Let’s go further and do 2 tests to measure yield
performance and memory consumption. Just to note - these tests are synthetic and listed here only to show yield
in comparison with straight implementation. I'm using BenchmarkDotNet with BenchmarkDotNet.Diagnostics.Windows
diagnostic module. First test compares implementations of method that returns sequence of integers (like Enumerable.Range(start, count)

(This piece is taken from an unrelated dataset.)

(* (a) For each $h$, the function $d_h(f,f')=\frac{\sqrt d\,\|c_h\|}{\|f^\star_h\|_h}\|f-f'\|_h$ on $\mathcal F\times\mathcal F$ is a well-defined pseudo-metric, and for every $\boldsymbol f\in\mathcal F^H$ with greedy policy $\pi$ and every $h=2,\dots,H$, $$\sup_{g\in\partial\mathcal F,\ \|g\|_h>0}\frac{\|(\mathcal P^\pi_{h-1}-\mathcal P^\star_{h-1})g\|_{h-1}}{\|g\|_h}\le d_h(f_h,f^\star_h).$$ (b) Let $\rho_1,\dots,\rho_H>0$ with $\rho_h\le\frac{1}{2(H-h+1)}$ for all $h$ and additionally $\rho_h\le\frac12(H-h+1)^{-1}(1+\log H)^{-1}$ for $h=2,\dots,H-1$, and let $\mathcal N=\{\boldsymbol f\in\mathcal F^H:d_h(f_h,f^\star_h)\le\rho_h\ \forall h\}$. Then there are constants $\kappa_1,\dots,\kappa_{H-1}$ such that $\|\mathcal T^\star_hf_{h+1}-\mathcal T^\star_hf^\star_{h+1}\|_h\le\kappa_h\|f_{h+1}-f^\star_{h+1}\|_{h+1}$ for all $\boldsymbol f\in\mathcal N$ and $h=1,\dots,H-1$, and $\kappa_h\kappa_{h+1}\cdots\kappa_{h'-1}\le3$ for all $h\le h'$. (c) For every $\boldsymbol f\in\mathcal F^H$ with greedy policy $\pi$ and all $1\le h\le h'\le H-1$, $$\sup_{g\in\partial\mathcal F,\ \|g\|_{h'}>0}\frac{\big|\mathbb E_{\pi^\star}\big[(\mathcal P^\star_{h\to h'}g)(S_h,\pi^\star_h(S_h))-(\mathcal P^\star_{h\to h'}g)(S_h,\pi_h(S_h))\big]\big|}{\|g\|_{h'}}\le\sqrt d\,\|c_h\|\,\frac{\|f_h-f^\star_h\|_h}{\|f^\star_h\|_h}.$$
   Context: Finite-horizon MDP: horizon $H\ge2$, state space $\mathcal S$, action space $\mathcal A$, kernels $P_h(\cdot\mid s,a)$ ($h<H$), known rewards $r_h$, initial distribution $\nu_1$; $J$, $\mathbb E_\pi$ as usual for the process $S_1\sim\nu_1$, $A_h\sim\pi_h(\cdot\mid S_h)$, $S_{h+1}\sim P_h(\cdot\mid S_h,A_h)$. $f(s,\pi_h(s)):=\int f(s,a)\pi_h(da\mid s)$; $(\mathcal P^\pi_hf)(s,a)=\int f(s',\pi_{h+1}(s'))P_h(ds'\mid s,a)$; $(\mathcal T^\star_hf)(s,a)=r_h(s,a)+\mathbb E[\max_{a'}f(S',a')]$, $S'\sim P_h(\cdot\mid s,a)$. $f^\star_H=r_H$, $f^\star_h=\mathcal T^\star_hf^\star_{h+1}$; $\pi^\star$ optimal and greedy w.r.t. $\boldsymbol f^\star$; $\mathcal P^\star_h=\mathcal P^{\pi^\star}_h$, $\mathcal P^\star_{h\to h'}=\mathcal P^\star_h\cdots\mathcal P^\star_{h'-1}$ ($h<h'$), identity for $h=h'$. Greedy policy of $\boldsymbol f$: $\pi_h(s)\in\arg\max_af_h(s,a)$, assumed unique and deterministic. Linear setting: feature map $\phi:\mathcal S\times\mathcal A\to\mathbb R^d$ with $\|\phi(s,a)\|_2\le1$; $\mathcal F=\{f_w=\langle\phi(\cdot),w\rangle:w\in\mathbb R^d\}$ (so $\partial\mathcal F=\mathcal F$), assumed to satisfy $\mathcal T^\pi_h\mathcal F\subseteq\mathcal F$ ($\mathcal T^\pi_hf=r_h+\mathcal P^\pi_hf$) for greedy policies $\pi$ of elements of $\mathcal F^H$, and $f^\star_h\in\mathcal F$. $\Sigma_h=\mathbb E_{\pi^\star}[\phi(S_h,A_h)\phi(S_h,A_h)^\top]$ is positive definite; $\|f\|_h=\sqrt{\mathbb E_{\pi^\star}[f(S_h,A_h)^2]}$, so $\|f_w\|_h=\|w\|_{\Sigma_h}=\sqrt{w^\top\Sigma_hw}$; $\|f^\star_h\|_h>0$. Curvature assumption: there are functions $c_h:\mathcal S\to[0,\infty)$ such that for every $h$, every $f_h\in\mathcal F$ with greedy $\pi_h$, and every $s$: (Curv1) $\|\phi(s,\pi_h(s))-\phi(s,\pi^\star_h(s))\|_{\Sigma_h^{-1}}\le c_h(s)\sqrt d\,\|f_h-f^\star_h\|_h/\|f^\star_h\|_h$; (Curv2) $f_h(s,\pi_h(s))-f_h(s,\pi^\star_h(s))\le c_h(s)\sqrt d\,\|f^\star_h\|_h\,(\|f_h-f^\star_h\|_h/\|f^\star_h\|_h)^2$. Here $\|c_h\|:=\sqrt{\mathbb E_{\nu_1,\pi^\star}[c_h(S_h)^2]}$. *)

theory Defs
  imports "HOL-Analysis.Analysis" "HOL-Probability.Probability"
begin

). First implementation is without iterator, second with:
public int[] Array(int start, int count) {
var numbers = new int[this.count];
for (var i = start; i < this.count; i++)
numbers[i] = this.start + i;
return numbers;
}
public int[] Iterator(int start, int count) {
return IteratorInternal(start, count).ToArray();
}
private IEnumerable<int> IteratorInternal(int start, int count) {
for (var i = start; i < count; ++i)
yield return start + i;
}
Method | Count | Start | Median | StdDev | Gen 0 | Gen 1 | Gen 2 | Bytes Allocated/Op |
Array | 100 | 10 | 91.19 ns | 1.25 ns | 385.01 | - | - | 169.18 |
Iterator | 100 | 10 | 1,173.26 ns | 10.94 ns | 1,593.00 | - | - | 700.37 |
As you can see from results, Array implementation is almost 10 times faster and consumes almost 4 times less memory. Iterator class and separate ToArray
call do their job.
The second test is more complex. It emulates data stream processing. It sequentially selects records with even key and then records with key multiplied by 3. Similar to the previous test, the first implementation is without iterator, second with:
public List<Tuple<int, string>> List(int start, int count) {
var odds = new List<Tuple<int, string>>();
foreach (var record in OddsArray(ReadFromDb(start, count)))
if (record.Item1%3 == 0)
odds.Add(record);
return odds;
}
public List<Tuple<int, string>> Iterator(int start, int count) {
return IteratorInternal(start, count).ToList();
}
private IEnumerable<Tuple<int, string>> IteratorInternal(int start, int count) {
foreach (var record in OddsIterator(ReadFromDb(start, count)))
if (record.Item1%3 == 0)
yield return record;
}
private IEnumerable<Tuple<int, string>> OddsIterator(IEnumerable<Tuple<int, string>> records) {
foreach (var record in records)
if (record.Item1%2 != 0)
yield return record;
}
private List<Tuple<int, string>> OddsArray(IEnumerable<Tuple<int, string>> records) {
var odds = new List<Tuple<int, string>>();
foreach (var record in records)
if (record.Item1%2 != 0)
odds.Add(record);
return odds;
}
private IEnumerable<Tuple<int, string>> ReadFromDb(int start, int count) {
for (var i = start; i < count; ++i)
yield return new KeyValuePair<int, string>(start + i, RandomString());
}
private static string RandomString() {
return Guid.NewGuid().ToString("n");
}
Method | Count | Start | Median | StdDev | Gen 0 | Gen 1 | Gen 2 | Bytes Allocated/Op |
List | 100 | 10 | 43.14 us | 0.14 us | 279.04 | - | - | 4,444.14 |
Iterator | 100 | 10 | 43.22 us | 0.76 us | 231.00 | - | - | 3,760.96 |
In this test, implementations performance is the same, but yield
memory consumption is lower. It's due to the fact that collection is computed only once and we saved memory on allocation only one List<Tuple<int, string>>
.
Considering all the above, I can do a short conclusion. Main disadvantage of yield
is creation of additional iterator class. When sequence is finite and caller doesn't have complex logic, yield
is slower and allocates more memory. Usage of yield
makes sense in cases of data processing when each collection computation causes large memory block allocation. Lazy nature of yield
can help to avoid computation of elements that will be filtered. In such cases, yield
significantly reduces memory consumption and CPU load.